Excesso de umidade favorece fungos e pode dificultar a aplicação de defensivos e outros manejos durante a fase final do plantio
O aumento das chuvas acendeu um alerta para as lavouras de trigo da Região Sul do Brasil. A elevada umidade favorece o surgimento de doenças fúngicas e pode comprometer o desenvolvimento das plantas e o potencial produtivo da safra de inverno.
O plantio do cereal já alcançou 94,7% da área prevista no país, segundo o monitoramento das lavouras. Apesar do avanço da semeadura, as condições climáticas exigem atenção redobrada dos produtores.

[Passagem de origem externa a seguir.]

(* If $\theta_0,\theta_1\in V_\Lambda\setminus\mathcal W(\mathcal G)$ lie in different path components of $V_\Lambda\setminus\mathcal W(\mathcal G)$, then $\mathcal P(\theta_0)\ne\mathcal P(\theta_1)$.
   Context: Let $\Lambda$ be a finite dimensional algebra over a field with $n$ isoclasses of simple modules, and $\mathrm{mod}\text-\Lambda$ the category of finitely generated right $\Lambda$-modules. Fix a torsion class $\mathcal G\subseteq\mathrm{mod}\text-\Lambda$ (closed under isomorphisms, extensions and quotients). For $B\in\mathcal G$, a subobject of $B$ is a submodule in $\mathcal G$; a subobject $A\subseteq B$ is strict if $A\cap B'\in\mathcal G$ for every subobject $B'$ of $B$; a strict quotient of $B$ is $B/A$ with $A$ a strict subobject. Let $V_\Lambda=\mathrm{Hom}_{\mathbb Z}(K_0\Lambda,\mathbb R)\cong\mathbb R^n$ (with its Euclidean topology); $\theta(M)$ denotes $\theta$ applied to the dimension vector of $M$. For $M\in\mathcal G$, the pseudo-wall $D_{\mathcal G}(M)$ is the set of $\theta\in V_\Lambda$ with $\theta(M)=0$ and $\theta(M')\le0$ for every strict subobject $M'$ of $M$. $\mathcal W(\theta)$ is the class of $X\in\mathcal G$ with $\theta\in D_{\mathcal G}(X)$, and $\mathcal W(\mathcal G)$ is the set of $\theta$ with $\mathcal W(\theta)\ne\{0\}$, equivalently the union of the $D_{\mathcal G}(M)$ over nonzero $M\in\mathcal G$. $\mathcal P(\theta)$ is the class consisting of $0$ and all nonzero $M\in\mathcal G$ such that $\theta(M'')>0$ for every nonzero strict quotient $M''$ of $M$ (including $M''=M$). *)

theory Defs
  imports "Jordan_Normal_Form.Matrix"
begin

text \<open>
  The finite dimensional algebra Lambda over the field 'k is given by a k-basis
  e_0,...,e_(m-1) with structure constants c: e_i e_j = sum_l c i j l e_l,
  and unit 1 = sum_i u i e_i.
  A finitely generated right Lambda-module is a finite dimensional k-vector space
  k^d together with matrices act i (acting on column vectors) describing
  v |-> v . e_i.  Modules are compared up to isomorphism (all classes below are
  closed under isomorphism).
\<close>

type_synonym 'k rmod = "nat \<times> (nat \<Rightarrow> 'k mat)"

definition mdim :: "'k rmod \<Rightarrow> nat" where "mdim M = fst M"
definition act :: "'k rmod \<Rightarrow> nat \<Rightarrow> 'k mat" where "act M = snd M"

definition fd_algebra :: "nat \<Rightarrow> (nat \<Rightarrow> nat \<Rightarrow> nat \<Rightarrow> 'k::field) \<Rightarrow> (nat \<Rightarrow> 'k) \<Rightarrow> bool" where
  "fd_algebra m c u \<longleftrightarrow>
     (\<forall>i<m. \<forall>j<m. \<forall>k<m. \<forall>p<m.
        (\<Sum>l<m. c i j l * c l k p) = (\<Sum>l<m. c j k l * c i l p)) \<and>
     (\<forall>j<m. \<forall>p<m. (\<Sum>i<m. u i * c i j p) = (if j = p then 1 else 0)
                 \<and> (\<Sum>i<m. u i * c j i p) = (if j = p then 1 else 0))"

definition is_rmod :: "nat \<Rightarrow> (nat \<Rightarrow> nat \<Rightarrow> nat \<Rightarrow> 'k::field) \<Rightarrow> (nat \<Rightarrow> 'k) \<Rightarrow> 'k rmod \<Rightarrow> bool" where
  "is_rmod m c u M \<longleftrightarrow>
     (\<forall>i<m. act M i \<in> carrier_mat (mdim M) (mdim M)) \<and>
     (\<forall>i<m. \<forall>j<m. \<forall>r<mdim M. \<forall>s<mdim M.
        (act M j * act M i) $$ (r, s) = (\<Sum>l<m. c i j l * act M l $$ (r, s))) \<and>
     (\<forall>r<mdim M. \<forall>s<mdim M. (\<Sum>i<m. u i * act M i $$ (r, s)) = (if r = s then 1 else 0))"

definition mhom :: "nat \<Rightarrow> 'k rmod \<Rightarrow> 'k rmod \<Rightarrow> 'k::field mat \<Rightarrow> bool" where
  "mhom m M N f \<longleftrightarrow> f \<in> carrier_mat (mdim N) (mdim M) \<and> (\<forall>i<m. f * act M i = act N i * f)"

definition mker :: "'k rmod \<Rightarrow> 'k rmod \<Rightarrow> 'k::field mat \<Rightarrow> 'k vec set" where
  "mker M N f = {v \<in> carrier_vec (mdim M). f *\<^sub>v v = 0\<^sub>v (mdim N)}"

definition mimg :: "'k rmod \<Rightarrow> 'k::field mat \<Rightarrow> 'k vec set" where
  "mimg M f = (\<lambda>v. f *\<^sub>v v) ` carrier_vec (mdim M)"

definition mono_hom :: "nat \<Rightarrow> 'k rmod \<Rightarrow> 'k rmod \<Rightarrow> 'k::field mat \<Rightarrow> bool" where
  "mono_hom m M N f \<longleftrightarrow> mhom m M N f \<and> mker M N f = {0\<^sub>v (mdim M)}"

definition epi_hom :: "nat \<Rightarrow> 'k rmod \<Rightarrow> 'k rmod \<Rightarrow> 'k::field mat \<Rightarrow> bool" where
  "epi_hom m M N f \<longleftrightarrow> mhom m M N f \<and> mimg M f = carrier_vec (mdim N)"

definition iso_hom :: "nat \<Rightarrow> 'k rmod \<Rightarrow> 'k rmod \<Rightarrow> 'k::field mat \<Rightarrow> bool" where
  "iso_hom m M N f \<longleftrightarrow> mono_hom m M N f \<and> epi_hom m M N f"

definition ses :: "nat \<Rightarrow> (nat \<Rightarrow> nat \<Rightarrow> nat \<Rightarrow> 'k::field) \<Rightarrow> (nat \<Rightarrow> 'k) \<Rightarrow>
    'k rmod \<Rightarrow> 'k rmod \<Rightarrow> 'k rmod \<Rightarrow> 'k mat \<Rightarrow> 'k mat \<Rightarrow> bool" where
  "ses m c u L M N f g \<longleftrightarrow> is_rmod m c u L \<and> is_rmod m c u M \<and> is_rmod m c u N \<and>
     mono_hom m L M f \<and> epi_hom m M N g \<and> mimg L f = mker M N g"

definition submod :: "nat \<Rightarrow> 'k rmod \<Rightarrow> 'k::field vec set \<Rightarrow> bool" where
  "submod m M U \<longleftrightarrow> U \<subseteq> carrier_vec (mdim M) \<and> 0\<^sub>v (mdim M) \<in> U \<and>
     (\<forall>v\<in>U. \<forall>w\<in>U. v + w \<in> U) \<and> (\<forall>a. \<forall>v\<in>U. a \<cdot>\<^sub>v v \<in> U) \<and>
     (\<forall>i<m. \<forall>v\<in>U. act M i *\<^sub>v v \<in> U)"
definition epoch_start :: "nat \<Rightarrow> nat \<Rightarrow> nat \<Rightarrow> bool" where
  "epoch_start n m r \<longleftrightarrow> (\<exists>i. 1 \<le> i \<and> i \<le> dd n m \<and> r = kk n m i)"

text \<open>Game configuration: (remaining deck, set B, Guesser memory, history).
  The history records, per turn, (cards remaining, guess, drawn card, guess reasonable).\<close>
type_synonym config = "nat set \<times> nat set \<times> bool list \<times> (nat \<times> nat \<times> nat \<times> bool) list"

definition step :: "nat \<Rightarrow> nat \<Rightarrow> (bool list \<Rightarrow> nat pmf) \<Rightarrow> (bool list \<Rightarrow> nat \<Rightarrow> bool list pmf)
    \<Rightarrow> config \<Rightarrow> config pmf" where
  "step n m G T cf = (case cf of (D, B, s, h) \<Rightarrow>
     (let B0 = (if epoch_start n m (card D) then {} else B);
          ep = epoch_turn n m (card D)
      in do {
        c \<leftarrow> (if ep then pmf_of_set (D - B0) else pmf_of_set D);
        g \<leftarrow> G s;
        s' \<leftarrow> T s c;
        return_pmf (D - {c},
                    (if ep \<and> g \<in> D - {c} \<and> card B0 < uu n m then insert g B0 else B0),
                    s',
                    h @ [(card D, g, c, ep \<and> g \<in> D - B0)])
      }))"

definition game :: "nat \<Rightarrow> nat \<Rightarrow> (bool list \<Rightarrow> nat pmf) \<Rightarrow> (bool list \<Rightarrow> nat \<Rightarrow> bool list pmf)
    \<Rightarrow> bool list \<Rightarrow> config pmf" where
  "game n m G T s0 = ((\<lambda>p. bind_pmf p (step n m G T)) ^^ n) (return_pmf ({1..n}, {}, s0, []))"

definition correct_exp :: "nat \<Rightarrow> nat \<Rightarrow> (bool list \<Rightarrow> nat pmf) \<Rightarrow> (bool list \<Rightarrow> nat \<Rightarrow> bool list pmf)
    \<Rightarrow> bool list \<Rightarrow> nat \<Rightarrow> real" where
  "correct_exp n m G T s0 i = measure_pmf.expectation (game n m G T s0)
     (\<lambda>(D, B, s, h). real (length (filter (\<lambda>(r, g, c, rs). in_epoch n m i r \<and> g = c) h)))"

definition reasonable_exp :: "nat \<Rightarrow> nat \<Rightarrow> (bool list \<Rightarrow> nat pmf) \<Rightarrow> (bool list \<Rightarrow> nat \<Rightarrow> bool list pmf)
    \<Rightarrow> bool list \<Rightarrow> nat \<Rightarrow> real" where
  "reasonable_exp n m G T s0 i = measure_pmf.expectation (game n m G T s0)
     (\<lambda>(D, B, s, h). real (length (filter (\<lambda>(r, g, c, rs). in_epoch n m i r \<and> rs) h)))"

end

theory Submission
  imports Defs
begin

text \<open>In a turn of epoch i the Dealer draws uniformly from the pool S = (remaining deck) - B,
  which has more than k_i - l - u cards: at least k_i - l + 1 cards remain and |B| <= u.
  Whatever the Guesser's state, a guess drawn from her distribution p is correct with probability
  p(S) / |S| and reasonable with probability p(S). So in every turn, conditionally on the past,
  the probability of a correct guess is at most that of a reasonable guess divided by k_i - l - u,
  and linearity of expectation sums this over the turns. Neither the memory bound nor the range
  of m enters; only 1 <= i <= d is used, which forces k_i >= 3 l and hence k_i - l - u > 0.\<close>

lemma ell_pos: "0 < dd n m \<Longrightarrow> 0 < ell n m"
  by (cases "ell n m = 0") (simp_all add: dd_def)

lemma three_ell_le_kk:
  assumes "1 \<le> i" "i \<le> dd n m"
  shows "3 * ell n m \<le> kk n m i"
proof -
  define L where "L = real m * log 2 (real n)"
  have ell: "0 < ell n m" using assms ell_pos by simp
  have ell_le: "real (ell n m) \<le> L" using ell unfolding ell_def L_def by linarith
  have "real (dd n m) \<le> (real (k1 n) - 2 * L) / real (ell n m)"
    using assms unfolding dd_def L_def by (simp add: mult.assoc) linarith
  then have "real (dd n m) * real (ell n m) \<le> real (k1 n) - 2 * L"
    using ell by (simp add: le_divide_eq)
  moreover have "real i * real (ell n m) \<le> real (dd n m) * real (ell n m)"
    using assms by (simp add: mult_right_mono)
  ultimately have "real (i * ell n m + 2 * ell n m) \<le> real (k1 n)"
    using ell_le by simp
  moreover have "i * ell n m = (i - 1) * ell n m + ell n m"
    using assms by (cases i) auto
  ultimately show ?thesis unfolding kk_def by linarith
qed

lemma set_pmf_funpow_bind_pmf_invariant:
  assumes "\<And>x. x \<in> set_pmf p \<Longrightarrow> I 0 x"
    and "\<And>t x y. I t x \<Longrightarrow> y \<in> set_pmf (f x) \<Longrightarrow> I (Suc t) y"
  shows "x \<in> set_pmf (((\<lambda>q. bind_pmf q f) ^^ t) p) \<Longrightarrow> I t x"
  by (induction t arbitrary: x) (auto intro: assms)
lemma limit_circle_hamiltonianI:
  assumes "hamiltonian a b h1 h2 h3" "limit_circle a b h1 h2"
  shows "limit_circle_hamiltonian a b h1 h2 h3"
proof
  let ?S = "eivl (ereal a) b"
  show "{t \<in> ?S. h1 t = 0 \<and> h2 t = 0 \<and> h3 t = 0} \<in> null_sets lborel"
    using assms(1) by (simp add: hamiltonian_def)
  show psd: "AE t in lborel. t \<in> ?S \<longrightarrow> psd2 (h1 t) (h2 t) (h3 t)"
    using assms(1) by (simp add: hamiltonian_def psd2_iff_quadratic_form_nonneg)
  have meas: "(\<lambda>t. indicator ?S t * h t) \<in> borel_measurable lborel" if "h \<in> {h1, h2, h3}" for h
    using assms(1) that by (auto simp: hamiltonian_def set_borel_measurable_def)
  have "integrable lborel (\<lambda>t. indicator ?S t * (h1 t + h2 t))"
  proof (rule integrableI_bounded)
    show "(\<lambda>t. indicator ?S t * (h1 t + h2 t)) \<in> borel_measurable lborel"
      using meas[of h1] meas[of h2] by (simp add: distrib_left)
    have "(\<integral>\<^sup>+t. ennreal (norm (indicator ?S t * (h1 t + h2 t))) \<partial>lborel)
        = (\<integral>\<^sup>+t\<in>?S. ennreal (h1 t + h2 t) \<partial>lborel)"
      using psd by (intro nn_integral_cong_AE) (auto elim!: eventually_mono simp: indicator_def psd2_def)
    also have "\<dots> < \<infinity>"
      using assms(2) by (simp add: limit_circle_def)
    finally show "(\<integral>\<^sup>+t. ennreal (norm (indicator ?S t * (h1 t + h2 t))) \<partial>lborel) < \<infinity>" .
  qed
  then show "set_integrable lborel ?S h" if "h \<in> {h1, h2, h3}" for h
    unfolding set_integrable_def
  proof (rule Bochner_Integration.integrable_bound)
    show "(\<lambda>t. indicator ?S t *\<^sub>R h t) \<in> borel_measurable lborel"
      using meas[OF that] by simp
    show "AE t in lborel. norm (indicator ?S t *\<^sub>R h t) \<le> norm (indicator ?S t * (h1 t + h2 t))"
      using psd
    proof eventually_elim
      case (elim t)
      then show ?case
        using that psd2_abs_le_trace[of "h1 t" "h2 t" "h3 t"] by (auto simp: indicator_def)
    qed
  qed
qed

context limit_circle_hamiltonian
begin

lemma set_integrable_eivl:
  "ereal a \<le> x \<Longrightarrow> y \<le> b \<Longrightarrow> h \<in> {h1, h2, h3} \<Longrightarrow> set_integrable lborel (eivl x y) h"
  using set_integrable_subset[OF set_integrable[of h]] eivl_mono[of "ereal a" x y b] by auto

lemma Om_add:
  assumes "ereal a \<le> x" "x \<le> y" "y \<le> z" "z \<le> b" "h \<in> {h1, h2, h3}"
  shows "Om h x z = Om h x y + Om h y z"
proof -
  have "interval_lebesgue_integrable lborel x z h"
    using set_integrable_eivl[OF assms(1,4,5)] order_trans[OF assms(2,3)]
    by (simp add: interval_lebesgue_integrable_def eivl_eq_einterval)
  then show ?thesis
    using interval_integral_sum[of x y z h] assms order_trans[OF assms(2,3)]
    by (simp add: Om_eq_interval_integral min_def max_def)
qed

Além de ampliar a pressão de doenças, o excesso de chuva pode dificultar a entrada de máquinas nas propriedades e atrasar operações como aplicação de defensivos agrícolas, adubação de cobertura e outros tratos culturais.
Paraná registra maior pressão de fungos
No Paraná, a umidade elevada nas regiões oeste e sudoeste favoreceu o aparecimento de doenças fúngicas e manchas foliares.
Embora as lavouras apresentem desenvolvimento considerado satisfatório, o acompanhamento das áreas deve ser intensificado para que possíveis focos sejam identificados e controlados rapidamente.
No Rio Grande do Sul, as chuvas e a baixa luminosidade também prejudicaram o desenvolvimento inicial de parte das plantações e elevaram o risco de doenças nas folhas.
Santa Catarina tem condições mais favoráveis
Em Santa Catarina, a redução das chuvas melhorou as condições para a realização das atividades no campo.
As lavouras apresentam boa germinação, emergência uniforme e desenvolvimento vegetativo inicial satisfatório, favorecidos pela disponibilidade de água no solo e pelas temperaturas adequadas.
Monitoramento deve ser constante
A orientação aos produtores é manter a inspeção frequente das lavouras e acompanhar as previsões meteorológicas antes de definir o momento de aplicação de defensivos e fertilizantes.
O planejamento dos manejos conforme as condições do tempo pode reduzir perdas, aumentar a eficiência das operações e evitar que as doenças avancem sobre as áreas cultivadas.